Apple does get 83% more IPC. Please don't spread technical nonsense which can be disproved easily by things such as performance counters. Bolding such false statements also isn't a good image from a CPU forum moderator.
While I agree that the A13 is a hell of a feat of engineering, I want to make sure we are being accurate, and not just consistent, with our grading of things. Because it's more complex than that, as you know.
Here's my diatribe:
About IPC, work done, uops, macroops, etc.
We don't actually have IPC. We have SPECint2006 scores, and AT use the same flags x86 vs mobile so it's not important whether it's SPECint2006 base or not. These scores are normalized ratios as well, which I'm sure some people will hate about it (just kidding!).
The way SPECint2006 measures "speed" - it is not actually considering IPC. It is considering time it takes to complete a set of tasks relative to a reference computer.

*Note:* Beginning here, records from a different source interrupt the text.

(* orbit_prod sigma c i n = sigma^(i+n-1)(c) ... sigma^(i+1)(c) sigma^i(c), so that
   orbit_prod sigma c 0 m is the norm N_m(c) of the paper. *)
fun orbit_prod :: "('a::monoid_mult \<Rightarrow> 'a) \<Rightarrow> 'a \<Rightarrow> nat \<Rightarrow> nat \<Rightarrow> 'a" where
  "orbit_prod \<sigma> c i 0 = 1"
| "orbit_prod \<sigma> c i (Suc n) = (\<sigma> ^^ (i + n)) c * orbit_prod \<sigma> c i n"

lemma orbit_prod_Suc': "orbit_prod \<sigma> c i (Suc n) = orbit_prod \<sigma> c (Suc i) n * (\<sigma> ^^ i) c"
  by (induction n) (simp_all add: mult.assoc)

lemma orbit_prod_shift:
  "ring_automorphism \<sigma> \<Longrightarrow> \<sigma> (orbit_prod \<sigma> c i n) = orbit_prod \<sigma> c (Suc i) n"
  by (induction n) (simp_all add: ring_automorphismD)

lemma orbit_prod_left_step:
  assumes "ring_automorphism \<sigma>" and "k < n"
  shows "\<sigma> (orbit_prod \<sigma> c k (n - k)) = (\<sigma> ^^ n) c * orbit_prod \<sigma> c (Suc k) (n - Suc k)"
proof -
  have "n - k = Suc (n - Suc k)" and "Suc k + (n - Suc k) = n"
    using assms(2) by simp_all
  have "\<sigma> (orbit_prod \<sigma> c k (n - k)) = orbit_prod \<sigma> c (Suc k) (Suc (n - Suc k))"
    by (simp only: \<open>n - k = Suc (n - Suc k)\<close> orbit_prod_shift[OF assms(1)])
  also have "\<dots> = (\<sigma> ^^ n) c * orbit_prod \<sigma> c (Suc k) (n - Suc k)"
    by (simp only: orbit_prod.simps(2) \<open>Suc k + (n - Suc k) = n\<close>)
  finally show ?thesis .
qed

lemma orbit_prod_right_step:
  assumes "k < n"
  shows "orbit_prod \<sigma> c (Suc k) (n - k) = orbit_prod \<sigma> c (Suc (Suc k)) (n - Suc k) * (\<sigma> ^^ Suc k) c"
proof -
  have "n - k = Suc (n - Suc k)"
    using assms by simp
  then show ?thesis
    by (simp only: orbit_prod_Suc')
qed

lemma left_recurrence_imp_orbit_prod:
  assumes \<sigma>: "ring_automorphism \<sigma>"
    and top: "w n = 1"
    and rec: "\<And>k. k < n \<Longrightarrow> \<sigma> (w k) = (\<sigma> ^^ n) c * w (Suc k)"
    and "k \<le> n"
  shows "w k = orbit_prod \<sigma> c k (n - k)"
  using \<open>k \<le> n\<close>
proof (induction k rule: inc_induct)
  case base
  then show ?case using top by simp
next
  case (step k)
  have "\<sigma> (w k) = \<sigma> (orbit_prod \<sigma> c k (n - k))"
    using rec[OF step.hyps(2)] step.IH orbit_prod_left_step[OF \<sigma> step.hyps(2)] by simp
  then show ?case
    using ring_automorphism_eq_iff[OF \<sigma>] by blast
qed

lemma right_recurrence_imp_orbit_prod:
  assumes top: "u n = 1"
    and rec: "\<And>k. k < n \<Longrightarrow> u k = u (Suc k) * (\<sigma> ^^ Suc k) c"
    and "k \<le> n"
  shows "u k = orbit_prod \<sigma> c (Suc k) (n - k)"
  using \<open>k \<le> n\<close>
proof (induction k rule: inc_induct)
  case base
  then show ?case using top by simp
next
  case (step k)
  then show ?case
    using rec[OF step.hyps(2)] orbit_prod_right_step[OF step.hyps(2)] by metis
qed

lemma orbit_prod_solves_left_recurrence:
  assumes \<sigma>: "ring_automorphism \<sigma>"
    and w: "\<And>k. w k = (if k \<le> n then orbit_prod \<sigma> c k (n - k) else 0)"
  shows "\<sigma> (w j) - (\<sigma> ^^ n) c * w (Suc j) = of_bool (j = n)"
proof -
  consider "j < n" | "j = n" | "n < j" by linarith
  then show ?thesis
  proof cases
    case 1
    then show ?thesis
      using orbit_prod_left_step[OF \<sigma> 1] by (simp add: w)
  next
    case 2
    then show ?thesis
      by (simp add: w ring_automorphismD(3)[OF \<sigma>])
  next
    case 3
    then show ?thesis
      by (simp add: w ring_automorphism_0[OF \<sigma>])
  qed
qed

lemma orbit_prod_solves_right_recurrence:
  fixes c :: "'a::ring_1"
  assumes u: "\<And>k. u k = (if k \<le> n then orbit_prod \<sigma> c (Suc k) (n - k) else 0)"
  shows "u j - u (Suc j) * (\<sigma> ^^ Suc j) c = of_bool (j = n)"
proof -
  consider "j < n" | "j = n" | "n < j" by linarith
  then show ?thesis
  proof cases
    case 1
    then show ?thesis
      using orbit_prod_right_step[OF 1] by (simp add: u del: funpow.simps)
  qed (simp_all add: u)
qed

lemma norm_of_left_recurrence:
  assumes \<sigma>: "ring_automorphism \<sigma>"
    and rec: "\<And>k. of_bool (Suc k = m) = \<sigma> (w k) - b * w (Suc k)"
    and const: "of_bool (m = 0) - a = - b * w 0"
    and top: "\<And>k. m \<le> k \<Longrightarrow> w k = 0"
  shows "\<exists>c. a = orbit_prod \<sigma> c 0 m"
proof (cases m)
  case 0
  then show ?thesis
    using const top[of 0] by simp
next
  case (Suc n)
  obtain c where c: "b = (\<sigma> ^^ n) c"
    using surjD[OF ring_automorphism_surj[OF ring_automorphism_funpow[OF \<sigma>]]] by blast
  have "w k = orbit_prod \<sigma> c k (n - k)" if "k \<le> n" for k
  proof (rule left_recurrence_imp_orbit_prod[OF \<sigma> _ _ that])
    have "\<sigma> (w n) = 1"
      using rec[of n] top[of "Suc n"] Suc by simp
    then show "w n = 1"
      using ring_automorphismD(3)[OF \<sigma>] ring_automorphism_eq_iff[OF \<sigma>] by metis
    show "\<sigma> (w k) = (\<sigma> ^^ n) c * w (Suc k)" if "k < n" for k
      using rec[of k] that Suc c by simp
  qed
  then have "a = orbit_prod \<sigma> c 0 m"
    using const c Suc by simp
  then show ?thesis ..
qed

lemma norm_of_right_recurrence:
  fixes u :: "nat \<Rightarrow> 'a::ring_1"
  assumes rec: "\<And>k. of_bool (Suc k = m) = u k - u (Suc k) * (\<sigma> ^^ Suc k) c"
    and const: "of_bool (m = 0) - a = - u 0 * c"
    and top: "\<And>k. m \<le> k \<Longrightarrow> u k = 0"
  shows "\<exists>c. a = orbit_prod \<sigma> c 0 m"
proof (cases m)
  case 0
  then show ?thesis
    using const top[of 0] by simp
next
  case (Suc n)
  have "u k = orbit_prod \<sigma> c (Suc k) (n - k)" if "k \<le> n" for k
  proof (rule right_recurrence_imp_orbit_prod[OF _ _ that])
    show "u n = 1"
      using rec[of n] top[of "Suc n"] Suc by simp
    show "u k = u (Suc k) * (\<sigma> ^^ Suc k) c" if "k < n" for k
      using rec[of k] that Suc by (simp del: funpow.simps)
  qed
  then have "a = orbit_prod \<sigma> c (Suc 0) n * c"
    using const Suc by simp
  then have "a = orbit_prod \<sigma> c 0 m"
    by (simp only: Suc orbit_prod_Suc' funpow_0)
  then show ?thesis ..
qed

lemma coeff_eq_0_downward:
  assumes "\<And>j. M \<le> j \<Longrightarrow> coeff q (Suc j) = 0 \<Longrightarrow> coeff q j = 0" and "M \<le> j"
  shows "coeff q j = 0"
proof (cases "M \<le> degree q")
  case True
  then have "lead_coeff q = 0"
    using assms(1) by (simp add: coeff_eq_0)
  then show ?thesis by simp
next
  case False
  then show ?thesis
    using assms(2) by (simp add: coeff_eq_0)
qed

lemma coeff_1_neq_0_if_degree_1: "degree g = 1 \<Longrightarrow> coeff g 1 \<noteq> 0"
  by (metis degree_0 leading_coeff_0_iff zero_neq_one)

lemma coeff_monom_minus_const_0: "coeff (monom 1 m - [:a:]) 0 = of_bool (m = 0) - a"
  by simp

lemma coeff_monom_minus_const_Suc: "coeff (monom 1 m - [:a:]) (Suc k) = of_bool (Suc k = m)"
  by simp

lemma skew_mult_coeff_0: "skew_mult_coeff \<sigma> p q 0 = coeff p 0 * coeff q 0"
  by (simp add: skew_mult_coeff_def)

lemma skew_mult_coeff_linear_left_Suc:
  assumes "degree g \<le> 1"
  shows "skew_mult_coeff \<sigma> g q (Suc k) = coeff g 0 * coeff q (Suc k) + coeff g 1 * \<sigma> (coeff q k)"
proof -
  have "coeff g (Suc (Suc i)) = 0" for i
    using assms by (simp add: coeff_eq_0)
  then show ?thesis
    by (cases k) (simp_all add: skew_mult_coeff_def sum.atMost_Suc_shift del: sum.atMost_Suc)
qed

lemma skew_mult_coeff_linear_right_Suc:
  assumes "degree g \<le> 1" and "ring_automorphism \<sigma>"
  shows "skew_mult_coeff \<sigma> q g (Suc k)
    = coeff q (Suc k) * (\<sigma> ^^ Suc k) (coeff g 0) + coeff q k * (\<sigma> ^^ k) (coeff g 1)"
proof -
  have "(\<sigma> ^^ i) (coeff g j) = 0" if "j > 1" for i j
    using assms that ring_automorphism_0[OF ring_automorphism_funpow] by (simp add: coeff_eq_0)
  then have "(\<Sum>i<k. coeff q i * (\<sigma> ^^ i) (coeff g (Suc k - i))) = 0"
    by (intro sum.neutral) auto
  then show ?thesis
    by (simp add: skew_mult_coeff_def atMost_Suc lessThan_Suc_atMost[symmetric])
qed

lemma skew_left_dvd_zero:
  assumes "ring_automorphism \<sigma>"
  shows "skew_left_dvd \<sigma> g 0"
proof -
  have "(\<sigma> ^^ i) 0 = 0" for i
    using ring_automorphism_0[OF ring_automorphism_funpow[OF assms]] .
  then show ?thesis
    unfolding skew_left_dvd_def skew_mult_coeff_def by (intro exI[of _ 0]) simp
qed

lemma skew_right_dvd_zero: "skew_right_dvd \<sigma> g 0"
  unfolding skew_right_dvd_def skew_mult_coeff_def by (intro exI[of _ 0]) simp

lemma ex_linear_skew_left_dvd_if_norm:
  assumes \<sigma>: "ring_automorphism \<sigma>" and a: "a = orbit_prod \<sigma> c 0 m"
  shows "\<exists>g. degree g = 1 \<and> skew_left_dvd \<sigma> g (monom 1 m - [:a:])"
proof (cases m)
  case 0
  then have "monom 1 m - [:a:] = 0"
    using a by (simp add: monom_0)
  moreover have "degree [:0, 1::'a:] = 1"
    by simp
  ultimately show ?thesis
    using skew_left_dvd_zero[OF \<sigma>] by metis
next
  case (Suc n)
  define b where "b = (\<sigma> ^^ n) c"
  define q where "q = Abs_poly (\<lambda>k. if k \<le> n then orbit_prod \<sigma> c k (n - k) else 0)"
  have q: "coeff q k = (if k \<le> n then orbit_prod \<sigma> c k (n - k) else 0)" for k
    unfolding q_def coeff_Abs_poly_If_le ..
  have "coeff (monom 1 m - [:a:]) k = skew_mult_coeff \<sigma> [:-b, 1:] q k" for k
  proof (cases k)
    case 0
    then show ?thesis
      using a Suc by (simp add: skew_mult_coeff_0 coeff_monom_minus_const_0 q b_def)
  next
    case (Suc j)
    have "skew_mult_coeff \<sigma> [:-b, 1:] q (Suc j) = \<sigma> (coeff q j) - b * coeff q (Suc j)"
      by (simp add: skew_mult_coeff_linear_left_Suc)
    also have "\<dots> = of_bool (j = n)"
      unfolding b_def by (rule orbit_prod_solves_left_recurrence[OF \<sigma> q])
    finally show ?thesis
      using Suc \<open>m = Suc n\<close> by (simp add: coeff_monom_minus_const_Suc)
  qed
  moreover have "degree [:-b, 1:] = 1"
    by simp
  ultimately show ?thesis
    unfolding skew_left_dvd_def by blast
qed

lemma ex_linear_skew_right_dvd_if_norm:
  assumes \<sigma>: "ring_automorphism \<sigma>" and a: "a = orbit_prod \<sigma> c 0 m"
  shows "\<exists>g. degree g = 1 \<and> skew_right_dvd \<sigma> g (monom 1 m - [:a:])"
proof (cases m)
  case 0
  then have "monom 1 m - [:a:] = 0"
    using a by (simp add: monom_0)
  moreover have "degree [:0, 1::'a:] = 1"
    by simp
  ultimately show ?thesis
    using skew_right_dvd_zero by metis
next
  case (Suc n)
  note \<sigma>k = ring_automorphism_funpow[OF \<sigma>]
  define q where "q = Abs_poly (\<lambda>k. if k \<le> n then orbit_prod \<sigma> c (Suc k) (n - k) else 0)"
  have q: "coeff q k = (if k \<le> n then orbit_prod \<sigma> c (Suc k) (n - k) else 0)" for k
    unfolding q_def coeff_Abs_poly_If_le ..
  have "coeff (monom 1 m - [:a:]) k = skew_mult_coeff \<sigma> q [:-c, 1:] k" for k
  proof (cases k)
    case 0
    have "a = orbit_prod \<sigma> c (Suc 0) n * c"
      by (simp only: a Suc orbit_prod_Suc' funpow_0)
    then show ?thesis
      using 0 Suc by (simp add: skew_mult_coeff_0 coeff_monom_minus_const_0 q)
  next
    case (Suc j)
    have "skew_mult_coeff \<sigma> q [:-c, 1:] (Suc j) = coeff q j - coeff q (Suc j) * (\<sigma> ^^ Suc j) c"
      using ring_automorphism_minus[OF \<sigma>k] ring_automorphismD(3)[OF \<sigma>k]
      by (simp add: skew_mult_coeff_linear_right_Suc \<sigma> del: funpow.simps)
    also have "\<dots> = of_bool (j = n)"
      by (rule orbit_prod_solves_right_recurrence[OF q])
    finally show ?thesis
      using Suc \<open>m = Suc n\<close> by (simp add: coeff_monom_minus_const_Suc)
  qed
  moreover have "degree [:-c, 1:] = 1"
    by simp
  ultimately show ?thesis
    unfolding skew_right_dvd_def by blast
qed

But it is NOT measuring IPC or anything really analogous to it. You know why, Andrei, but I'll spell it out a little more for others like Richie Rich who seem to conflate work done with IPC.
Many people conflate IPC with work per cycle, which is false. IPC is the number of instructions the CPU can process per cycle. But what do we mean by instruction? Is it how many register transfers can be done per cycle (quite pure)? Or is it more complex: is it how many micro-ops can be done in a cycle, or how many macro-ops? And by whose definition (since even the x86 vendors use different definitions of both uop and macroop)? Or is it just how many program instructions can be burned through?
Perhaps we are most concerned with "work done" as a function of a program asking the CPU to do a task. So, if the benchmark asks the CPU to multiply the number at location x by location y and store it back at x, it sends different instructions to different ISAs:
As an example:
CISC:
MULT x, y
RISC:
LOAD A, x
LOAD B, y
PROD A, B
STORE x, A
For CISC that's one instruction and for RISC it's 4 instructions (if we take a pure "issue-based" count). If it takes four cycles to complete the task, as you'd expect, then that's 0.25 IPC for CISC and 1 IPC for RISC. But they're doing the same exact amount of work, it's just that MULT x,y is a container for 4 smaller instructions, uops. If we instead count uops, then RISC IPC = CISC IPC. But in the case of counting pure CPU instruction issues, then the IPC on the RISC chip will be artificially four times higher than on CISC.
So let's ask ourselves what we mean by IPC, and if it's even relevant: i.e. are we counting instructions issued to the chip, decoded instructions ("uops"), or macro ops? Or something else?
In the end, with the SPECint2006 scores, we are counting work done, not IPC. I think that work done is a more valid comparison. But that's up to each person. What is clear is that SPECint2006 is NOT IPC.
So it is truly VERY difficult to say with any certainty at all what the true IPC of any chip is, based on the information we have, and it's even harder when comparing x86 vs ARM because of the complexities in comparison between chips that heavily use uops and those that don't. Granted, yes, some benchmarks will send instructions that don't need to be decoded, thus removing this limitation, but boy are we going to have to dive deep if we want to compare, on a program-by-program basis, what the true IPC is. And that's only
after deciding what constitutes a true "instruction".
About SPECint2006 normalized to GHz
Per the basic calculations in Richie Rich's signature, which are accurate given what he claims to measure, the A13 can burn through 83% more work per clock than 9900K or 3900X.
However, this is so simplified and does not go into detail. The A13 can clock up to 2.66 GHz, but doesn't all the time. Same for the 9900K and 3900X with their "boost" speeds. And on the SPECint2006 benchmarks, we don't actually know what the average clockspeed was on a test that takes a very long time to run, and may be thermally limited. So even TRYING to find out what the real IPC OR work per clock is for these chips is immediately a fairly futile task unless we get more data.
My conclusion
1. We are all over the place with our discussion with respect to IPC vs SPECint2006 vs real work achieved vs work per socket vs work per watt.
2. Richie Rich's signature claims an IPC victory for A13, but it's completely false, as no one has compared anything analogous to IPC on those chips. It doesn't even accurately encompass "work done per cycle" because he uses boost frequency as the normalizer and doesn't consider average clock speed during the benchmark (which by the way isn't even published it seems, hence we cannot know for certain the true work done per cycle).
3. This is still very fun to talk about and very applicable to Graviton2's future.